I got more detail about the setup from Nevianne while we finished our breakfast and cleaned up the little mess we’d made. The Emperor was the latest version of the Roman emperor. The capital, under the umpteenth dynasty, was currently located in Gades, in Iberia. There was no state religion; it had “always” been like that, so they had somehow avoided having a papacy and a lot of religious wars, though there had been lots of riots and pogroms among the sects over the years. I suspected the split from my own timeline must have been in the 300’s or early 400’s, while the Nicene Catholics were competing with the Arians and the Monophysites and Mithras and Osiris and nine or ten other approaches to Eternity. She mentioned Emperor Honorius and the Caesar Valentinian, and Emperor Athaulfus the First and Empress Galla in passing, so maybe they took charge of things instead of Athaulf being assassinated in his bath. There was also an Emperor Genseric, who had moved the capital from Ravenna to Hippo Regius, in North Africa, so all wasn’t all peaches and cream in those days.

The New World – my description; to the Emperor it was just western provinces – had been discovered during the reign of Melchios II, when the capital had been at Carthage. That had been maybe a thousand years previously, about the time the Saxon settlers of Celtic Britannia were absorbing a migration from Latin Gaul. There was no Battle of Runnymede, just a big Norman-Gallic migration spread over years.

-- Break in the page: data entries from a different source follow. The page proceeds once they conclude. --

(* Let $(Y,\leq)$ be a partial order with $|Y|=\omega_1$. Then there is a cofinal subset $X\subseteq Y$ such that $(X,\leq)$ is well-founded and, for every $x\in X$, the set $(-\infty,x)_X=\{z\in X: z<x\}$ is countable.
   Context: A subset $X\subseteq Y$ is cofinal if for every $y\in Y$ there is $x\in X$ with $y\leq x$. *)

theory Defs
  imports Main "HOL-Library.Countable_Set"
begin

end

theory Submission
  imports Defs "HOL-Library.Countable_Set_Type"
begin

text \<open>Enumerate \<open>Y\<close> in order type \<open>\<omega>\<^sub>1\<close> and keep the points that lie below no earlier point.
  Every \<open>y\<close> lies below a kept point, namely the first point in the enumeration that is above \<open>y\<close>.
  If \<open>z < x\<close> are both kept, then \<open>z\<close> must come before \<open>x\<close> (otherwise \<open>z\<close> would lie below the
  earlier point \<open>x\<close>), so the strict order on the kept points is contained in the enumeration
  order. Hence it is well-founded, and the predecessors of a kept point form a subset of a proper
  initial segment of \<open>\<omega>\<^sub>1\<close>, which is countable.\<close>

definition undominated :: "'a set \<Rightarrow> 'a rel \<Rightarrow> 'a rel \<Rightarrow> 'a set" where
  "undominated Y r R = {y \<in> Y. \<forall>z. (z, y) \<in> R \<longrightarrow> (y, z) \<notin> r}"

lemma undominated_subset: "undominated Y r R \<subseteq> Y"
  unfolding undominated_def by auto

lemma undominated_cofinal:
  assumes "preorder_on Y r" and "wf R" and "y \<in> Y"
  shows "\<exists>x\<in>undominated Y r R. (y, x) \<in> r"
proof -
  have r_Y: "r \<subseteq> Y \<times> Y" and "refl_on Y r" and "trans r"
    using assms(1) by (auto simp: preorder_on_def)
  let ?above = "{z. (y, z) \<in> r}"
  have "y \<in> ?above"
    using \<open>refl_on Y r\<close> \<open>y \<in> Y\<close> by (auto simp: refl_on_def)
  then obtain x where x: "x \<in> ?above" and least: "\<And>z. (z, x) \<in> R \<Longrightarrow> z \<notin> ?above"
    using wfE_min[OF \<open>wf R\<close>] by metis
  have "(x, z) \<notin> r" if "(z, x) \<in> R" for z
    using least[OF that] x \<open>trans r\<close> by (auto dest: transD)
  with x r_Y have "x \<in> undominated Y r R"
    unfolding undominated_def by auto
  with x show ?thesis by auto
qed

lemma undominated_strict_below:
  assumes "total_on Y R"
    and "z \<in> undominated Y r R" and "x \<in> undominated Y r R"
    and "(z, x) \<in> r" and "z \<noteq> x"
  shows "(z, x) \<in> R"
proof (rule ccontr)
  assume "(z, x) \<notin> R"
  moreover have "z \<in> Y" and "x \<in> Y"
    using assms(2,3) unfolding undominated_def by simp_all
  ultimately have "(x, z) \<in> R"
    using assms(1,5) unfolding total_on_def by metis
  with assms(2,4) show False
    unfolding undominated_def by auto
qed

lemma total_on_inv_image_Well_order:
  assumes "Well_order s" and "inj_on f Y" and "f ` Y \<subseteq> Field s"
  shows "total_on Y (inv_image (s - Id) f)"
proof -
  have "total_on (Field s) s"
    using assms(1) by (simp add: well_order_on_def linear_order_on_def)
  show ?thesis
    unfolding total_on_def
  proof (intro ballI impI)
    fix x y assume "x \<in> Y" "y \<in> Y" "x \<noteq> y"
    then have "f x \<noteq> f y" and "f x \<in> Field s" and "f y \<in> Field s"
      using assms(2,3) by (auto dest: inj_onD)
    with \<open>total_on (Field s) s\<close>
    show "(x, y) \<in> inv_image (s - Id) f \<or> (y, x) \<in> inv_image (s - Id) f"
      unfolding total_on_def by auto
  qed
qed

lemma countable_underS_cardSuc_natLeq:
  assumes "a \<in> Field (cardSuc natLeq)"
  shows "countable (underS (cardSuc natLeq) a)"
proof -
  have "(card_of (underS (cardSuc natLeq) a), cardSuc natLeq) \<in> ordLess"
    using card_of_underS[OF cardSuc_Card_order[OF natLeq_Card_order] assms] .
  then show ?thesis
    unfolding countable_card_le_natLeq
    using cardSuc_ordLeq_ordLess[OF natLeq_Card_order card_of_Card_order] by blast
qed

lemma countable_below_inv_image:
  assumes "inj_on f A" and "countable (underS s (f x))"
  shows "countable {z \<in> A. (z, x) \<in> inv_image (s - Id) f}"
proof (rule countable_image_inj_on)
  have "f ` {z \<in> A. (z, x) \<in> inv_image (s - Id) f} \<subseteq> underS s (f x)"
    unfolding underS_def by auto
  with assms(2) show "countable (f ` {z \<in> A. (z, x) \<in> inv_image (s - Id) f})"
    by (rule countable_subset[rotated])
  show "inj_on f {z \<in> A. (z, x) \<in> inv_image (s - Id) f}"
    using assms(1) by (rule inj_on_subset) auto
qed

lemma bij_betw_Field_cardSuc_natLeq:
  assumes "(card_of Y, cardSuc natLeq) \<in> ordIso"
  obtains f where "bij_betw f Y (Field (cardSuc natLeq))"
proof -
  have "Card_order (cardSuc natLeq)"
    by (simp add: cardSuc_Card_order natLeq_Card_order)
  then have "(card_of Y, card_of (Field (cardSuc natLeq))) \<in> ordIso"
    using ordIso_transitive[OF assms ordIso_symmetric[OF card_of_Field_ordIso]] by blast
  then show ?thesis
    using card_of_ordIso that by blast
qed

theorem mainTheorem1:
  fixes Y :: "'a set" and r :: "'a rel"
  assumes "partial_order_on Y r"
    and "(card_of Y, cardSuc natLeq) \<in> ordIso"
  shows "\<exists>X. X \<subseteq> Y
    \<and> (\<forall>y\<in>Y. \<exists>x\<in>X. (y, x) \<in> r)
    \<and> wf {(z, x). z \<in> X \<and> x \<in> X \<and> (z, x) \<in> r \<and> z \<noteq> x}
    \<and> (\<forall>x\<in>X. countable {z \<in> X. (z, x) \<in> r \<and> z \<noteq> x})"
proof -
  define s where "s = cardSuc natLeq"
  obtain f where f: "bij_betw f Y (Field s)"
    using bij_betw_Field_cardSuc_natLeq[OF assms(2)] unfolding s_def .
  have "Well_order s"
    unfolding s_def using cardSuc_Card_order[OF natLeq_Card_order] by (simp add: card_order_on_def)
  define R where "R = inv_image (s - Id) f"
  define X where "X = undominated Y r R"
  have "wf R"
    unfolding R_def using \<open>Well_order s\<close> by (simp add: well_order_on_def wf_inv_image)
  have "total_on Y R"
    unfolding R_def using \<open>Well_order s\<close>
    by (rule total_on_inv_image_Well_order) (use f in \<open>auto simp: bij_betw_def\<close>)
  have "X \<subseteq> Y"
    unfolding X_def by (rule undominated_subset)
  have strict_in_R: "{(z, x). z \<in> X \<and> x \<in> X \<and> (z, x) \<in> r \<and> z \<noteq> x} \<subseteq> R"
    unfolding X_def using undominated_strict_below[OF \<open>total_on Y R\<close>] by blast
  have "countable {z \<in> X. (z, x) \<in> r \<and> z \<noteq> x}" if "x \<in> X" for x
  proof (rule countable_subset)
    show "{z \<in> X. (z, x) \<in> r \<and> z \<noteq> x} \<subseteq> {z \<in> X. (z, x) \<in> R}"
      using strict_in_R that by blast
    have "f x \<in> Field s"
      using f that \<open>X \<subseteq> Y\<close> unfolding bij_betw_def by blast
    then show "countable {z \<in> X. (z, x) \<in> R}"
      unfolding R_def s_def using f \<open>X \<subseteq> Y\<close>
      by (intro countable_below_inv_image countable_underS_cardSuc_natLeq)
        (auto simp: bij_betw_def intro: inj_on_subset)
  qed
  moreover have "\<exists>x\<in>X. (y, x) \<in> r" if "y \<in> Y" for y
    using assms(1) undominated_cofinal[OF _ \<open>wf R\<close> that]
    unfolding partial_order_on_def X_def by blast
  ultimately show ?thesis
    using \<open>X \<subseteq> Y\<close> wf_subset[OF \<open>wf R\<close> strict_in_R] by blast
qed

end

The province I was in was called Agus, after some mage who’d lived about the time Queen Elizabeth the First would have. It was vassal to Burgundia, which was vassal to the current Emperor, whose name was Bidrig, or Bidrigus. The province north of us was Filadios, and it was tributary to the Dux of Hippo Regius. Hippo, of Saint Augustine fame, was near Algiers on my reality line, and was still a thriving city.

And everyone believed in magic. Nevianne claimed she’d seen it work, that it worked routinely. She believed in it like I “believed” in science.